[Stored items]
━━━━━━━━━━

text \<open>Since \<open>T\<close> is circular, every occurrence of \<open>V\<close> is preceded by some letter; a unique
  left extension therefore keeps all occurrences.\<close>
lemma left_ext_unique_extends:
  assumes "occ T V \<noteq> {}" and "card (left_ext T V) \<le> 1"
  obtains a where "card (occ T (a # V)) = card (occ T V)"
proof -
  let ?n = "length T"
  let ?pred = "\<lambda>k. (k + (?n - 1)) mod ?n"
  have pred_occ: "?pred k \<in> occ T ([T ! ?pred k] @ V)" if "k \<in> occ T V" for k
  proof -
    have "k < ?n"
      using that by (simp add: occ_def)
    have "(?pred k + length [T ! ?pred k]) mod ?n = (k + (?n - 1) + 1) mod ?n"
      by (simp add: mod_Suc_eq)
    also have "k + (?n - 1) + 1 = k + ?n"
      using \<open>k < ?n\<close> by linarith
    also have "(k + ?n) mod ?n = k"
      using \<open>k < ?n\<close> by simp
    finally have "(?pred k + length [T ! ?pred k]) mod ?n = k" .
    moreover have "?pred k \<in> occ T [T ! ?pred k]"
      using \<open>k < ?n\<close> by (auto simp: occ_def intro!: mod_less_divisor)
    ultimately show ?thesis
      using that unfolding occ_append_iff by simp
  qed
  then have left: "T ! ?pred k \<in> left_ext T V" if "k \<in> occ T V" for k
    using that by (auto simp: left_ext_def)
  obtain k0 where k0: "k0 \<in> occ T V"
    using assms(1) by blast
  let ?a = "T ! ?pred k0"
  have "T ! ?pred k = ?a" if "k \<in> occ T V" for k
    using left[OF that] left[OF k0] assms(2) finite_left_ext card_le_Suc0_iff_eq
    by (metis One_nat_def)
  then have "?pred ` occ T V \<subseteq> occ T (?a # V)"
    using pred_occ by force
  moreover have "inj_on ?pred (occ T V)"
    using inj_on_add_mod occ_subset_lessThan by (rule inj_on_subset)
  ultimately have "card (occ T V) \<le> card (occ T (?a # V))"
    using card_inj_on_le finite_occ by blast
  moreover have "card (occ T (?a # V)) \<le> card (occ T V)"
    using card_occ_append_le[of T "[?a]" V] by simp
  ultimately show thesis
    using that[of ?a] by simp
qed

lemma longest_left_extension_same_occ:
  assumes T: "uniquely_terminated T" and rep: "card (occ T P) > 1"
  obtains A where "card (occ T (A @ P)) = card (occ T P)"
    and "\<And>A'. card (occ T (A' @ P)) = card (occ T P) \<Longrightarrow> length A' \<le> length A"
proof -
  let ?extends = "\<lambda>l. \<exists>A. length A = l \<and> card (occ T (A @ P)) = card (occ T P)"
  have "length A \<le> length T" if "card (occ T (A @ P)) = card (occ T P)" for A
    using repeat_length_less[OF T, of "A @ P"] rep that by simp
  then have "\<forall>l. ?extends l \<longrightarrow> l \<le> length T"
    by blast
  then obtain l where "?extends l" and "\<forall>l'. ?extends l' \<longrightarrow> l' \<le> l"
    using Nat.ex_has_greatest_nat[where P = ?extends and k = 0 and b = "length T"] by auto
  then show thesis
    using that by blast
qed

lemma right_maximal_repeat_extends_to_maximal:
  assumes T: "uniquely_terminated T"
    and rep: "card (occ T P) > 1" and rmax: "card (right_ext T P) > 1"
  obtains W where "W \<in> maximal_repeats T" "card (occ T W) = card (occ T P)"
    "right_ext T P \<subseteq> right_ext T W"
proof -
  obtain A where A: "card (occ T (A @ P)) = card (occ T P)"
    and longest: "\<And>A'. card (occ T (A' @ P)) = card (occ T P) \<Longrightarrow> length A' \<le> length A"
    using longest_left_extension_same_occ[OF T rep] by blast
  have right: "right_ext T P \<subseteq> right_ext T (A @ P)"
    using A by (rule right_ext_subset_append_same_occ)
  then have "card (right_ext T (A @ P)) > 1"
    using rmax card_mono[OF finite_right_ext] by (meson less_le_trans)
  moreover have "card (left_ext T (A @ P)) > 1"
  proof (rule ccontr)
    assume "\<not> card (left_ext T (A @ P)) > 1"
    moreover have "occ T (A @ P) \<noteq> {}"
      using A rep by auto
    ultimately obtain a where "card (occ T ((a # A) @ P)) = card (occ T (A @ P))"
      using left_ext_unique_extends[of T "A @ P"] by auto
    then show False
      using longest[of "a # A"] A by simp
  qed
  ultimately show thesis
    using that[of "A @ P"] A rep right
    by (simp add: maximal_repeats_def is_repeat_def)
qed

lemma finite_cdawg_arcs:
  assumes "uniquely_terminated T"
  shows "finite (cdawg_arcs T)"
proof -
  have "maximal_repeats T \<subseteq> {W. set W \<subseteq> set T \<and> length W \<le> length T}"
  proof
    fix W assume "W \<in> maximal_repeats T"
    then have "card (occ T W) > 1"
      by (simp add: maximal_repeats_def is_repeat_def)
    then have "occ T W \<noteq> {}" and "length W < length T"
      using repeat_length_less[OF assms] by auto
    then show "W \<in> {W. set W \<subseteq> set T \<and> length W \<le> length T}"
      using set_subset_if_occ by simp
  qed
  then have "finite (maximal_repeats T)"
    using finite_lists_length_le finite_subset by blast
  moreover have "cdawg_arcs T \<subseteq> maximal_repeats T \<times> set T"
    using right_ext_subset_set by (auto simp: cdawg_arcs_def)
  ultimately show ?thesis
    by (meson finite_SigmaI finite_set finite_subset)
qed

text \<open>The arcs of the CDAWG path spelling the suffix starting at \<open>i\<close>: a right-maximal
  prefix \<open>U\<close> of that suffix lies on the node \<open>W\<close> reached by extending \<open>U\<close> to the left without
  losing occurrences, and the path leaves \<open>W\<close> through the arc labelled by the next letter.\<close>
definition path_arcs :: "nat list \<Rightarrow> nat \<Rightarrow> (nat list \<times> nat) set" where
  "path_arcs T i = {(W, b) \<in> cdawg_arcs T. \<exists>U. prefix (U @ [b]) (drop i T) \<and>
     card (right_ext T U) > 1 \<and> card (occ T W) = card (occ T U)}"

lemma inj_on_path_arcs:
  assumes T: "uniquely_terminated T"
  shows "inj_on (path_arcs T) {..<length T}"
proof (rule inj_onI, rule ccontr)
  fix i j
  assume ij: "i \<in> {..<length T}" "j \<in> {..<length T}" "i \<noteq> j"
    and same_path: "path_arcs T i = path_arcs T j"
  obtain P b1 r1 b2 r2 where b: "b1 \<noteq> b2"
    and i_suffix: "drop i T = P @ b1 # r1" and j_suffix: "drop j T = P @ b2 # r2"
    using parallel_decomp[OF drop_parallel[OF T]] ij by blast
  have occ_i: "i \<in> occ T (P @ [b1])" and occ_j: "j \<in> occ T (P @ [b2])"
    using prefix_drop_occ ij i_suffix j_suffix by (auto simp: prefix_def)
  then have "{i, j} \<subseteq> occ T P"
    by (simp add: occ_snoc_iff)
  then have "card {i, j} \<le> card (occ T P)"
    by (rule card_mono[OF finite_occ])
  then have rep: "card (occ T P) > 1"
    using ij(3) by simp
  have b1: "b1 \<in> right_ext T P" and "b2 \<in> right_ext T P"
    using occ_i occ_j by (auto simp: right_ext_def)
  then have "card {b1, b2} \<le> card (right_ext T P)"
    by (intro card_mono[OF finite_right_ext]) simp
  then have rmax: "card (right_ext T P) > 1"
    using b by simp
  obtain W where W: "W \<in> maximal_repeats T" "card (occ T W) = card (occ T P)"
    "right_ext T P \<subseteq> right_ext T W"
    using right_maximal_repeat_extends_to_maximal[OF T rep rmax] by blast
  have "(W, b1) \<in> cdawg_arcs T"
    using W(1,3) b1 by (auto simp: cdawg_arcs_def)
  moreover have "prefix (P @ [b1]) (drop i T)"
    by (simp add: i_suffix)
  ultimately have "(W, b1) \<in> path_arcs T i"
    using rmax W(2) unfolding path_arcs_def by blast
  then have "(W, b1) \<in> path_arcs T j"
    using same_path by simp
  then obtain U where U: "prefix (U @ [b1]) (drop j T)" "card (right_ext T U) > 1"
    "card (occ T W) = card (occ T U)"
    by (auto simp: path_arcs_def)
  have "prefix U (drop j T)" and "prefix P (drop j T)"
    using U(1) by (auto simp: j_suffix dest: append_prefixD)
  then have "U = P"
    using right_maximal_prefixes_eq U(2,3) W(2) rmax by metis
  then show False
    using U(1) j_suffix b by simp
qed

━━━━━━━━━━

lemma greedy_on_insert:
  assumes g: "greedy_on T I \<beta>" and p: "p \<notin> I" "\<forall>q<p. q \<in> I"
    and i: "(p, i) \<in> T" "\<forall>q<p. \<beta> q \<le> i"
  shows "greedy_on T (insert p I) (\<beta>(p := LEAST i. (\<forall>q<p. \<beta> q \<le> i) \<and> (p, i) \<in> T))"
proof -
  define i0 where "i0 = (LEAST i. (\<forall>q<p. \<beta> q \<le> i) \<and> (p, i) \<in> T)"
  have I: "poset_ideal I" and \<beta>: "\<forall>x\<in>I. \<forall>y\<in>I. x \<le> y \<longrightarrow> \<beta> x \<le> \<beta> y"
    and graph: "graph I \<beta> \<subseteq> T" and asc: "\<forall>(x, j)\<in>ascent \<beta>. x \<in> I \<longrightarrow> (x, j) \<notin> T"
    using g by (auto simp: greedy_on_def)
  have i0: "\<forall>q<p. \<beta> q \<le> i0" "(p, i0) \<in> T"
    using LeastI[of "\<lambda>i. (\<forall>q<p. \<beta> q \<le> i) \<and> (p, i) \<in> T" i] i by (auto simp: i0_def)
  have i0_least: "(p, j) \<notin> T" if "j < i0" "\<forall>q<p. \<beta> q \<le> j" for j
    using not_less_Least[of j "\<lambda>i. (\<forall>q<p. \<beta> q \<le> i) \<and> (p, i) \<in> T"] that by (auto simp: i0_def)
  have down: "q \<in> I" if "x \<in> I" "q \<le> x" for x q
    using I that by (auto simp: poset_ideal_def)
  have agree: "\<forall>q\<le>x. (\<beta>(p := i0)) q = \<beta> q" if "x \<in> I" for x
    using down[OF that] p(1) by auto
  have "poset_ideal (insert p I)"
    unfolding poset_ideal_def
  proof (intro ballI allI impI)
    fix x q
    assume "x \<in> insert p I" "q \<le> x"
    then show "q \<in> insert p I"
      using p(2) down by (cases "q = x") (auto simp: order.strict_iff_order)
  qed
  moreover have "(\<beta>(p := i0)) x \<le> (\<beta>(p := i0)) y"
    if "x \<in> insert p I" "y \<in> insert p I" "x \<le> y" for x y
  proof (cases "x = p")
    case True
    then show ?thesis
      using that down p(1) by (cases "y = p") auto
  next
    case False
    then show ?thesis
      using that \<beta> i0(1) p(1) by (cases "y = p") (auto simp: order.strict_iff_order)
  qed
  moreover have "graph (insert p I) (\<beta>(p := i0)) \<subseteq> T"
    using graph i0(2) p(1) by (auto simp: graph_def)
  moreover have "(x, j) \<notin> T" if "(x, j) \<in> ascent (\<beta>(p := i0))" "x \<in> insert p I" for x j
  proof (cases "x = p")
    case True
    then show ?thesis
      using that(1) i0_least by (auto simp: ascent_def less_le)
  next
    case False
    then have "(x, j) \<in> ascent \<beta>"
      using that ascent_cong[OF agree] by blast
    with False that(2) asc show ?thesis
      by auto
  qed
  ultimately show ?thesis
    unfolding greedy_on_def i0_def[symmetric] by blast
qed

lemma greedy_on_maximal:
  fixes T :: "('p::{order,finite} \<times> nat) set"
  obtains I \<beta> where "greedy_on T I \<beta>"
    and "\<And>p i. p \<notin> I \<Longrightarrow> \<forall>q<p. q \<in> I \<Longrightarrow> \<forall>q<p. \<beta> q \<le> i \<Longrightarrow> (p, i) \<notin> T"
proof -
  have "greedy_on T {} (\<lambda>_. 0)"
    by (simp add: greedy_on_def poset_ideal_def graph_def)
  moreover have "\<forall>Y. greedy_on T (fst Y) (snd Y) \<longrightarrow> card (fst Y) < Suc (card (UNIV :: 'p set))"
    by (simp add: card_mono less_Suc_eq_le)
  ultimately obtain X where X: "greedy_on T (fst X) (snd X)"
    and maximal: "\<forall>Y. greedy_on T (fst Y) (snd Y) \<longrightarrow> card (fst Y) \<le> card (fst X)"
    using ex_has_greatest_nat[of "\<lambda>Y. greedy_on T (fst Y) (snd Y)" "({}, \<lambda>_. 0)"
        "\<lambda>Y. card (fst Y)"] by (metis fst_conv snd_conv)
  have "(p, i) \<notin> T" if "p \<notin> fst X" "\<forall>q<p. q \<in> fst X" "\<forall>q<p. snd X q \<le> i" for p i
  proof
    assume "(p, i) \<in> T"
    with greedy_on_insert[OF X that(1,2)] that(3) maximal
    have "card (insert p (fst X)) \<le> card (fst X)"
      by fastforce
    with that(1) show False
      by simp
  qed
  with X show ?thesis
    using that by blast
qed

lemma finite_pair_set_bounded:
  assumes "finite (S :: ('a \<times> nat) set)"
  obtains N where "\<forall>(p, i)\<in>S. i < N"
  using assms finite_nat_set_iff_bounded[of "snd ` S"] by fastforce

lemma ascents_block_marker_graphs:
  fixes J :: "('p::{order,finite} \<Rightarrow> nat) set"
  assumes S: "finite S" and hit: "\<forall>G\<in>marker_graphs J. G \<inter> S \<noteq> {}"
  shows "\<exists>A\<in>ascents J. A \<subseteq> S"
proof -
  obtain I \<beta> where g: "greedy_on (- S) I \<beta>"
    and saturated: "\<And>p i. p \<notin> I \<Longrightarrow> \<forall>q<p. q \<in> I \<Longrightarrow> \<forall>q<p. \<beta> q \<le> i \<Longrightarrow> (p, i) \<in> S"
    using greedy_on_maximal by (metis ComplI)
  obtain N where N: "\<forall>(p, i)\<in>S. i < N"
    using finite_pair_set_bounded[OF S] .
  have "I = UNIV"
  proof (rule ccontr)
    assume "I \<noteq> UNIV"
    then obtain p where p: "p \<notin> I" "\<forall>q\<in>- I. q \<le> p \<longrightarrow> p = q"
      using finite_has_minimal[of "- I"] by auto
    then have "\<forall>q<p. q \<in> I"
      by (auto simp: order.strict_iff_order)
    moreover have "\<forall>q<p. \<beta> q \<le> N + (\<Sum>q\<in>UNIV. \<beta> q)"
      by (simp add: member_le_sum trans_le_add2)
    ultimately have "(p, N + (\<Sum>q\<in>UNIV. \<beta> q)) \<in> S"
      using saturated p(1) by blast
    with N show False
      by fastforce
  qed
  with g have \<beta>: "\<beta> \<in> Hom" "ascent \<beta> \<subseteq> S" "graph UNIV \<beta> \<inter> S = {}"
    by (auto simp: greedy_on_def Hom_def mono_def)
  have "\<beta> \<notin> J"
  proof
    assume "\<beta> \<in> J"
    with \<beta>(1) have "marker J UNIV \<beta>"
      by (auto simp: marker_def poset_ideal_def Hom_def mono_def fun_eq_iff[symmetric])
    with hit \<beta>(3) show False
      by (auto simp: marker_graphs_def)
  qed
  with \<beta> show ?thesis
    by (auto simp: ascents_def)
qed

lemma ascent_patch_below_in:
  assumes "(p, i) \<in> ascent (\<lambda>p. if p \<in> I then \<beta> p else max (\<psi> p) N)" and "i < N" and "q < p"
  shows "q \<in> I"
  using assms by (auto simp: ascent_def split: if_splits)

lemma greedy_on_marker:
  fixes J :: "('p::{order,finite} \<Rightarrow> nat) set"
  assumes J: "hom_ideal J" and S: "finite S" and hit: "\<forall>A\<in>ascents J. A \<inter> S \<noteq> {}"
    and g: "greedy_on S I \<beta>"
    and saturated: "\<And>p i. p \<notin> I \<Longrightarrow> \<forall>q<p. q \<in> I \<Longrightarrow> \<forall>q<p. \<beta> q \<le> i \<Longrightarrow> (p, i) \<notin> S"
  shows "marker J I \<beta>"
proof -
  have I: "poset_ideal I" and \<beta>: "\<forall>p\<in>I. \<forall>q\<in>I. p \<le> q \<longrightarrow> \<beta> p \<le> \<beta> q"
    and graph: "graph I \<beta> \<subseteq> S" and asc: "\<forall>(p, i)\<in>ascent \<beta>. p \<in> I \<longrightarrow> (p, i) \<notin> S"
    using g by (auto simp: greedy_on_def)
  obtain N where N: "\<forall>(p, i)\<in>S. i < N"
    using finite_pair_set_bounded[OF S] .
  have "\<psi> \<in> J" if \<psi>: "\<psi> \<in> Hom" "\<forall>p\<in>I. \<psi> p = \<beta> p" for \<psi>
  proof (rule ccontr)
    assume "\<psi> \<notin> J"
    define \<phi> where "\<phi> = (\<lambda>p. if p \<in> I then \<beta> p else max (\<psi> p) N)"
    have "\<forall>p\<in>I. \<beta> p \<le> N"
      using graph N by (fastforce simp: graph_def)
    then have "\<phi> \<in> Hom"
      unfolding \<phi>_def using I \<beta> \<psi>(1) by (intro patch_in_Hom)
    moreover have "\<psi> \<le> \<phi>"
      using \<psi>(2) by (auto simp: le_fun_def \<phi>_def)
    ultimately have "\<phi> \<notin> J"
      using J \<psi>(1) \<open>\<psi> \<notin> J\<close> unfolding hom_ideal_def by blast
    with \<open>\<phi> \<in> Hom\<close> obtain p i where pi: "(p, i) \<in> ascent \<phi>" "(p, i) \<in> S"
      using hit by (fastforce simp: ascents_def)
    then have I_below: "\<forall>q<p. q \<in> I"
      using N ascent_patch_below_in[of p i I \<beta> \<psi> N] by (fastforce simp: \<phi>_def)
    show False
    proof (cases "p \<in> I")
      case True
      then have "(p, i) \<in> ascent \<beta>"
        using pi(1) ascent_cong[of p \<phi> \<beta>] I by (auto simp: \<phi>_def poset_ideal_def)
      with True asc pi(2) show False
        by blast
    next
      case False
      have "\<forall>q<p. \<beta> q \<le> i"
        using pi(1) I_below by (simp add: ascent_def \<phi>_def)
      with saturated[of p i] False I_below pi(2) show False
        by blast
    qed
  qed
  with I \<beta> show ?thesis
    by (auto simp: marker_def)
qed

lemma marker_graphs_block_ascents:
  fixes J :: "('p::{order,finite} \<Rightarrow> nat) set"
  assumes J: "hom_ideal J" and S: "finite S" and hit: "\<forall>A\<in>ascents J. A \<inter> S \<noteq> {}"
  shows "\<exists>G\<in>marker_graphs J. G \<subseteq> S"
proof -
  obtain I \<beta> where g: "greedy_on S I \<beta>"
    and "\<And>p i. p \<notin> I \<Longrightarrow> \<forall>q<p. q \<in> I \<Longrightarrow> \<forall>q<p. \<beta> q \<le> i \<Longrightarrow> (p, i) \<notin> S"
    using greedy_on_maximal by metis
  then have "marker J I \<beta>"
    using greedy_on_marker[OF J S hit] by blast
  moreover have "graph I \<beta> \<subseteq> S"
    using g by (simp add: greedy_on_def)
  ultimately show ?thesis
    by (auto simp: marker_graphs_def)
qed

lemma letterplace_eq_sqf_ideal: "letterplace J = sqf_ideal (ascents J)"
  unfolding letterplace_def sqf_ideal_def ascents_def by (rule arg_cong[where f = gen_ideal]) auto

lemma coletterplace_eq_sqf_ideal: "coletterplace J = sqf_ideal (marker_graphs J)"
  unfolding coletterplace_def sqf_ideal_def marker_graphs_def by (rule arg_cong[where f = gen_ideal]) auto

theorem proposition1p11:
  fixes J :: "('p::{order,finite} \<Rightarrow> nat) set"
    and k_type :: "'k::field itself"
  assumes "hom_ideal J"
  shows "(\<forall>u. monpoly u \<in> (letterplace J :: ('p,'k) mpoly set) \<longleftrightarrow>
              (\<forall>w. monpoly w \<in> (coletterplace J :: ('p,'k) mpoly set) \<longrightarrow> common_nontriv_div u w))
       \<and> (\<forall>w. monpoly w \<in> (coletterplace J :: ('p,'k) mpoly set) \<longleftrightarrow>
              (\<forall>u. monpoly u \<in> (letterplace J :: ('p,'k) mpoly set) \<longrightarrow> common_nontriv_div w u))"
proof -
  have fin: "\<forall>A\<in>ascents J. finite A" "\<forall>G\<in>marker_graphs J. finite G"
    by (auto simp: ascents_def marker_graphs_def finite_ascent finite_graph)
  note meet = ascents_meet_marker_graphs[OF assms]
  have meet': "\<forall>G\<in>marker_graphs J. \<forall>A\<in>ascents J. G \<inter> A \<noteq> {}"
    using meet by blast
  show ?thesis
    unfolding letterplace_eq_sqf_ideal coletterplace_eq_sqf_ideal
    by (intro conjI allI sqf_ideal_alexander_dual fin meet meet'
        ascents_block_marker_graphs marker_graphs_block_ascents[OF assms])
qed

━━━━━━━━━━

Print, without alteration, only the lines above between the one holding "text \<open>Since \<open>T\<close>" and the one holding "(?n - 1)) mod", inclusive.

Result of the task -
text \<open>Since \<open>T\<close> is circular, every occurrence of \<open>V\<close> is preceded by some letter; a unique
  left extension therefore keeps all occurrences.\<close>
lemma left_ext_unique_extends:
  assumes "occ T V \<noteq> {}" and "card (left_ext T V) \<le> 1"
  obtains a where "card (occ T (a # V)) = card (occ T V)"
proof -
  let ?n = "length T"
  let ?pred = "\<lambda>k. (k + (?n - 1)) mod ?n"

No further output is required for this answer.